PSOP26 is predicted to be a secreted protein in ookinetes [45]. It is a highly expressed protein in P. berghei ookinetes, as its transcript ranked in the 99th percentile in the ookinete transcriptome. In mice infected by P. berghei, immunization with the recombinant PbSOP26 showed significant TB and TR activities in direct feeding assays (DFAs) [20]. In this study, the expressed fragment of PvSOP26 covered the entire domain of the PbSOP26 used for TBV analysis [20]. The immune sera against PvSOP26 were evaluated using DMFA with three clinical P. vivax isolates. When the P. vivax clinical isolates resulted in high oocyst density (> 50 oocysts/midgut) in infected mosquitoes in the control group (as in donor #2 and #3), the anti-PvSOP26 sera significantly reduced the oocyst density by > 84%. It is not clear why the anti-PvSOP26 antisera did not show TR activities with parasites from donor #1 when the infection intensity in mosquitoes was low. One possible explanation is variations in the DMFA; additional patient isolates needed to be tested to provide further evidence of the TR activity of PvSOP26. While the results of this study suggest that genetic polymorphisms might not be responsible for the variation in the DMFA result among the clinical isolates, further analysis is needed to understand the genetic diversity of these genes. In this regard, the orthologs of these genes in P. falciparum showed limited genetic diversity from high-throughput genome sequencing projects (https://plasmodb.org/).

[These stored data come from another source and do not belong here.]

lemma s_nth_zero: "i \<in> Iz \<Longrightarrow> s k $ i = 0"
  using continuous_directions(1) by (auto simp: Dc_def)

text \<open>This lower bound is what makes the expansion loop of PCS terminate.\<close>

lemma f_proj_step_lower_bound:
  assumes "\<forall>i\<in>Iz. q$i = 0"
  shows "f (x k) - L * (\<Sum>i\<in>UNIV. u$i - l$i) \<le> f (proj l u (x k + \<beta> *\<^sub>R q))"
proof -
  let ?y = "proj l u (x k + \<beta> *\<^sub>R q)"
  have "\<forall>i\<in>Iz. ?y $ i = x k $ i"
    using assms x_feasible proj_step_nth by blast
  then have "\<bar>f ?y - f (x k)\<bar> \<le> L * norm (?y - x k)"
    by (rule lipschitz)
  also have "\<dots> \<le> L * (\<Sum>i\<in>UNIV. u$i - l$i)"
    using lu L_pos x_feasible
    by (intro mult_left_mono norm_diff_boxX_le proj_in_boxX) (auto intro: less_imp_le)
  finally show ?thesis
    by linarith
qed

lemma PCS_result_if_ac_pos:
  assumes "0 < ac k"
  shows "alpha_c k = 0 \<or> (0 < alpha_c k \<and> dir_c k \<in> {s k, - s k}
           \<and> f (proj l u (x k + alpha_c k *\<^sub>R dir_c k)) \<le> f (x k) - \<gamma> * (alpha_c k)\<^sup>2)"
proof (rule PCS_sufficient_decrease)
  show "PCS f l u \<gamma> \<delta> (ac k) (x k) (s k) = (alpha_c k, dir_c k)"
    by (simp add: alpha_c_def dir_c_def)
  show "f (x k) - L * (\<Sum>i\<in>UNIV. u$i - l$i) \<le> f (proj l u (x k + \<beta> *\<^sub>R q))"
    if "q \<in> {s k, - s k}" for \<beta> q
    using that s_nth_zero by (intro f_proj_step_lower_bound) auto
qed (use assms parameters in auto)

lemma ac_pos: "0 < ac k"
proof (induction k)
  case 0
  then show ?case using initialization(2) by simp
next
  case (Suc k)
  then show ?case
    using PCS_result_if_ac_pos[OF Suc] phase1[of k] parameters(4) by auto
qed

lemma phase1_result:
  "xt k \<in> boxX l u \<inter> intZ Iz" "f (xt k) \<le> f (x k) - \<gamma> * (alpha_c k)\<^sup>2"
  "norm (xt k - x k) \<le> alpha_c k"
proof -
  consider "alpha_c k = 0"
    | "0 < alpha_c k" "dir_c k \<in> {s k, - s k}"
      "f (proj l u (x k + alpha_c k *\<^sub>R dir_c k)) \<le> f (x k) - \<gamma> * (alpha_c k)\<^sup>2"
    using PCS_result_if_ac_pos[OF ac_pos] by blast
  then have "xt k \<in> boxX l u \<inter> intZ Iz \<and> f (xt k) \<le> f (x k) - \<gamma> * (alpha_c k)\<^sup>2
             \<and> norm (xt k - x k) \<le> alpha_c k"
  proof cases
    case 1
    then show ?thesis using phase1(1) x_feasible by simp
  next
    case 2
    then have xt: "xt k = proj l u (x k + alpha_c k *\<^sub>R dir_c k)"
      using phase1(2) by simp
    have "\<forall>i\<in>Iz. dir_c k $ i = 0"
      using 2(2) s_nth_zero by auto
    then have "\<forall>i\<in>Iz. xt k $ i = x k $ i"
      using x_feasible by (simp add: xt proj_step_nth)
    then have "xt k \<in> intZ Iz"
      using x_feasible by (auto simp: intZ_def)
    moreover have "xt k \<in> boxX l u"
      using lu by (simp add: xt proj_in_boxX less_imp_le)
    moreover have "norm (xt k - x k) \<le> norm ((x k + alpha_c k *\<^sub>R dir_c k) - x k)"
      using norm_proj_diff_le x_feasible unfolding xt by blast
    moreover have "norm ((x k + alpha_c k *\<^sub>R dir_c k) - x k) = alpha_c k"
      using 2(1,2) continuous_directions(2) by auto
    ultimately show ?thesis
      using 2(3) xt by simp
  qed
  then show "xt k \<in> boxX l u \<inter> intZ Iz" "f (xt k) \<le> f (x k) - \<gamma> * (alpha_c k)\<^sup>2"
    "norm (xt k - x k) \<le> alpha_c k"
    by auto
qed

lemma xi_pos: "0 < xi k"
proof (induction k)
  case 0
  then show ?case using parameters(6) .
next
  case (Suc k)
  then show ?case
    using phase2B[of k] parameters(4) by (cases "unsuccessful k") auto
qed

lemma decseq_xi: "decseq xi"
proof (rule decseq_SucI)
  fix k
  show "xi (Suc k) \<le> xi k"
    using phase2B[of k] parameters(5) xi_pos[of k]
    by (cases "unsuccessful k") auto
qed

lemma f_yp_le: "f (yp k) \<le> f (xt k)"
proof (cases rule: phase2A_cases[of k])
  case (1 d)
  then have "f (yp k) \<le> f (xt k) - xi k"
    using DS_sufficient_decrease by metis
  then show ?thesis
    using xi_pos[of k] by linarith
qed simp

lemma f_x_Suc_le: "f (x (Suc k)) + \<gamma> * (alpha_c k)\<^sup>2 \<le> f (x k)"
  using phase3(2)[of k] f_yp_le[of k] phase1_result(2)[of k] by linarith

lemma decseq_f_x: "decseq (\<lambda>k. f (x k))"
proof (rule decseq_SucI)
  fix k
  have "0 \<le> \<gamma> * (alpha_c k)\<^sup>2"
    using parameters(1) by simp
  then show "f (x (Suc k)) \<le> f (x k)"
    using f_x_Suc_le[of k] by linarith
qed

lemma Dk_Suc:
  "Dk k \<subseteq> Dk (Suc k)" "Dk (Suc k) \<subseteq> Dk k \<union> Dz Iz l u (xt k)"
proof -
  have "Dk (Suc k) = Dk k \<or> Dk k \<subset> Dk (Suc k) \<and> Dk (Suc k) \<subseteq> Dz Iz l u (xt k)"
    using phase2B[of k] by blast
  then show "Dk k \<subseteq> Dk (Suc k)" "Dk (Suc k) \<subseteq> Dk k \<union> Dz Iz l u (xt k)"
    by blast+
qed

The PH domain is predicted in most Plasmodium PH orthologs [21]. The PH domain can bind phosphatidylinositol in biological membranes, thus recruiting or targeting the proteins to the membrane fraction [46]. Mice immunized with recombinant PbPH protein reduced both the infection prevalence and oocyst density in the DFAs [21]. Despite the high level of homology between the PvPH and PbPH, antibodies generated against the PvPH fragment did not show any TR activities in the DMFA with P. vivax clinical isolates. Several reasons may account for the lack of TR activities of the anti-PvPH antibodies. Although the anti-PvPH antisera could detect the antigen expression in P. vivax gametocytes, the antibodies may recognize those epitopes that are not critical for fertilization and sexual development. Also, although the rodent model offers the convenience for antigen discovery where a DFA can be performed [47], the ortholog may not have identical functions in P. vivax. The use of transgenic P. berghei expressing P. vivax full-length target genes may offer a better prediction for the TBV potential [48, 49].

Conclusion

We evaluated two sexual stage antigens, PvPH and PvSOP26, as TBV candidates using P. vivax clinical isolates. PvSOP26 showed prominent TR activities in reducing oocyst density in two of the three mosquito feeding assays.